Acute limb ischemia generally occurs in the setting of acute arterial occlusion, which may result from thrombosis, arterial embolization, or injury. Arterial thrombi are platelet-mediated and often occur in the setting of an existing atherosclerotic plaque, though thrombi may also occur in the setting of arterial dissection or aneurysm. A thrombus may embolize, traveling downstream to lodge in a smaller artery, thus obstructing distal flow and resulting in tissue ischemia. Critical limb ischemia may lead to tissue necrosis and progress to loss of limb. Classically, limb ischemia is identified by the “six P's”; pain, pulselessness, pallor, paresthesia, paralysis, and poikilothermia; however, these signs and symptoms are inadequately sensitive to exclude limb ischemia. Acute limb ischemia is treated initially with anticoagulant therapy and, in some cases, thrombolysis, endovascular, or surgical procedures such as thrombectomy or stent placement to achieve arterial revascularization.
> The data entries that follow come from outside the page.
lemma fin_dim_tea_pair_iff_common_norming:
  fixes x y :: "'a::real_normed_vector"
  assumes "fin_dim_space TYPE('a)"
  shows "tea_pair x y \<longleftrightarrow> (\<exists>g\<in>dual_unit_ball. g x = norm x \<and> g y = norm y)"
proof
  assume t: "tea_pair x y"
  obtain g where g: "g \<in> dual_unit_ball" "g (x + y) = norm (x + y)"
    using fin_dim_norming_functional[OF assms] by blast
  then have "g x + g y = norm x + norm y"
    using t by (simp add: tea_pair_def linear_add[OF dual_unit_ballD(1)])
  moreover have "g x \<le> norm x" "g y \<le> norm y" using dual_unit_ballD(2)[OF g(1)] by auto
  ultimately have "g x = norm x" "g y = norm y" by linarith+
  then show "\<exists>g\<in>dual_unit_ball. g x = norm x \<and> g y = norm y" using g(1) by blast
qed (use tea_pair_if_common_norming in blast)

lemma tea_pair_commute: "tea_pair x y \<longleftrightarrow> tea_pair y x"
  by (simp add: tea_pair_def add.commute)

lemma tea_pair_scaleR:
  fixes x y :: "'a::real_normed_vector"
  assumes t: "tea_pair x y" and "0 \<le> a" "0 \<le> b"
  shows "tea_pair (a *\<^sub>R x) (b *\<^sub>R y)"
proof -
  have le: "tea_pair (a *\<^sub>R x) (b *\<^sub>R y)" if "tea_pair x y" "0 \<le> b" "b \<le> a" for x y :: 'a and a b
  proof -
    have "a *\<^sub>R x + b *\<^sub>R y = a *\<^sub>R (x + y) - (a - b) *\<^sub>R y" by (simp add: algebra_simps)
    then have "a * norm (x + y) - (a - b) * norm y \<le> norm (a *\<^sub>R x + b *\<^sub>R y)"
      using norm_triangle_ineq2[of "a *\<^sub>R (x + y)" "(a - b) *\<^sub>R y"] that by simp
    then have "a * norm x + b * norm y \<le> norm (a *\<^sub>R x + b *\<^sub>R y)"
      using that(1) by (simp add: tea_pair_def algebra_simps)
    then show ?thesis
      using norm_triangle_ineq[of "a *\<^sub>R x" "b *\<^sub>R y"] that by (simp add: tea_pair_def)
  qed
  show ?thesis
  proof (cases "b \<le> a")
    case True
    then show ?thesis using le t assms by blast
  next
    case False
    then have "tea_pair (b *\<^sub>R y) (a *\<^sub>R x)"
      using le[of y x a b] t assms tea_pair_commute by force
    then show ?thesis using tea_pair_commute by blast
  qed
qed

lemma parallel_pair_iff_tea_pair:
  "parallel_pair x y \<longleftrightarrow> tea_pair x y \<or> tea_pair x (- y)"
proof
  assume "parallel_pair x y"
  then obtain c :: real where c: "\<bar>c\<bar> = 1" "norm (x + c *\<^sub>R y) = norm x + norm y"
    unfolding parallel_pair_def by blast
  then have "c = 1 \<or> c = - 1" by linarith
  then show "tea_pair x y \<or> tea_pair x (- y)" using c(2) by (auto simp: tea_pair_def)
next
  assume "tea_pair x y \<or> tea_pair x (- y)"
  then have "norm (x + 1 *\<^sub>R y) = norm x + norm y \<or> norm (x + (- 1) *\<^sub>R y) = norm x + norm y"
    by (auto simp: tea_pair_def)
  then show "parallel_pair x y" unfolding parallel_pair_def by (metis abs_minus abs_one)
qed

lemma tea_pair_if_parallel_pair_short:
  assumes "parallel_pair x y" and "norm (x - y) < norm x + norm y"
  shows "tea_pair x y"
  using assms unfolding parallel_pair_iff_tea_pair tea_pair_def by auto

lemma dual_unit_ball_norming_closed_segment:
  assumes g: "g \<in> dual_unit_ball" and "g a = norm a" "g b = norm b" and x: "x \<in> closed_segment a b"
  shows "g x = norm x"
proof -
  obtain u where u: "0 \<le> u" "u \<le> 1" "x = (1 - u) *\<^sub>R a + u *\<^sub>R b"
    using x by (auto simp: in_segment)
  have lg: "linear g" using dual_unit_ballD(1)[OF g] .
  have "g x = (1 - u) * norm a + u * norm b"
    using u assms by (simp add: linear_add[OF lg] linear_scale[OF lg])
  moreover have "norm x \<le> (1 - u) * norm a + u * norm b"
    using norm_triangle_ineq[of "(1 - u) *\<^sub>R a" "u *\<^sub>R b"] u by simp
  ultimately show ?thesis using dual_unit_ballD(2)[OF g, of x] by linarith
qed

lemma dual_unit_ball_norming_on_line:
  fixes y z :: "'a::real_normed_vector"
  defines "p \<equiv> \<lambda>t. y + t *\<^sub>R (z - y)"
  assumes g: "g \<in> dual_unit_ball" and "g (p a) = norm (p a)" "g (p b) = norm (p b)"
    and "a \<le> t" "t \<le> b"
  shows "g (p t) = norm (p t)"
proof (cases "a = b")
  case True
  then show ?thesis using assms by simp
next
  case False
  define u where "u = (t - a) / (b - a)"
  have u: "0 \<le> u" "u \<le> 1" using assms False by (auto simp: u_def field_simps)
  have comb: "(1 - u) *\<^sub>R p a + u *\<^sub>R p b = y + ((1 - u) * a + u * b) *\<^sub>R (z - y)"
    by (simp add: p_def algebra_simps)
  have "u * (b - a) = t - a" using False by (simp add: u_def)
  then have "(1 - u) * a + u * b = t" by (simp add: algebra_simps)
  then have "p t = (1 - u) *\<^sub>R p a + u *\<^sub>R p b" using comb by (simp add: p_def)
  then have "p t \<in> closed_segment (p a) (p b)" using u by (auto simp: in_segment)
  then show ?thesis using dual_unit_ball_norming_closed_segment assms by blast
qed

text \<open>Functionals norming two overlapping subsegments agree at two points of the line,
  hence on the whole line.\<close>

lemma dual_unit_ball_norming_overlap:
  fixes y z :: "'a::real_normed_vector"
  defines "p \<equiv> \<lambda>t. y + t *\<^sub>R (z - y)"
  assumes g: "g \<in> dual_unit_ball" "g (p a) = norm (p a)" "g (p b) = norm (p b)"
    and h: "h \<in> dual_unit_ball" "h (p c) = norm (p c)" "h (p d) = norm (p d)"
    and ord: "a \<le> c" "c < b" "b \<le> d"
  shows "g (p d) = norm (p d)"
proof -
  have affine: "f (p t) = f y + t * f (z - y)" if "f \<in> dual_unit_ball" for f t
    using dual_unit_ballD(1)[OF that] by (simp add: p_def linear_add linear_scale)
  have "g (p c) = h (p c)" "g (p b) = h (p b)"
    using dual_unit_ball_norming_on_line[where g = g and a = a and b = b and t = c]
      dual_unit_ball_norming_on_line[where g = h and a = c and b = d and t = b]
      g h ord unfolding p_def by auto
  then have c: "g y + c * g (z - y) = h y + c * h (z - y)"
    and b: "g y + b * g (z - y) = h y + b * h (z - y)"
    using affine g(1) h(1) by auto
  then have "b * g (z - y) + c * h (z - y) = b * h (z - y) + c * g (z - y)" by linarith
  then have "(b - c) * (g (z - y) - h (z - y)) = 0" by (simp add: algebra_simps)
  then have "g (z - y) = h (z - y)" "g y = h y" using \<open>c < b\<close> c by auto
  then have "g (p d) = h (p d)" using affine[OF g(1), of d] affine[OF h(1), of d] by simp
  then show ?thesis using h(3) by simp
qed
Venous thrombosis involves the development of a thrombus in the venous circulation, which may obstruct or impede blood flow and venous drainage from an affected extremity. These include superficial venous thrombosis, DVT, and pulmonary embolism (PE), should the venous thrombus embolize. Rarely, limb ischemia results from massive venous thromboembolic disease (phlegmasia cerulea dolens), which occurs when venous return is occluded to the point at which limb edema compromises arterial circulation. Virchow's triad describes the constellation of circumstances, including endothelial injury, venous stasis, and a hypercoagulable state contribute to the formation of venous thrombosis. Prompt diagnosis of PE and DVT is required to prevent disease progression and life-threatening complications. DVT and PE are treated with anticoagulant medications, including heparin, warfarin, or direct oral anticoagulant medications.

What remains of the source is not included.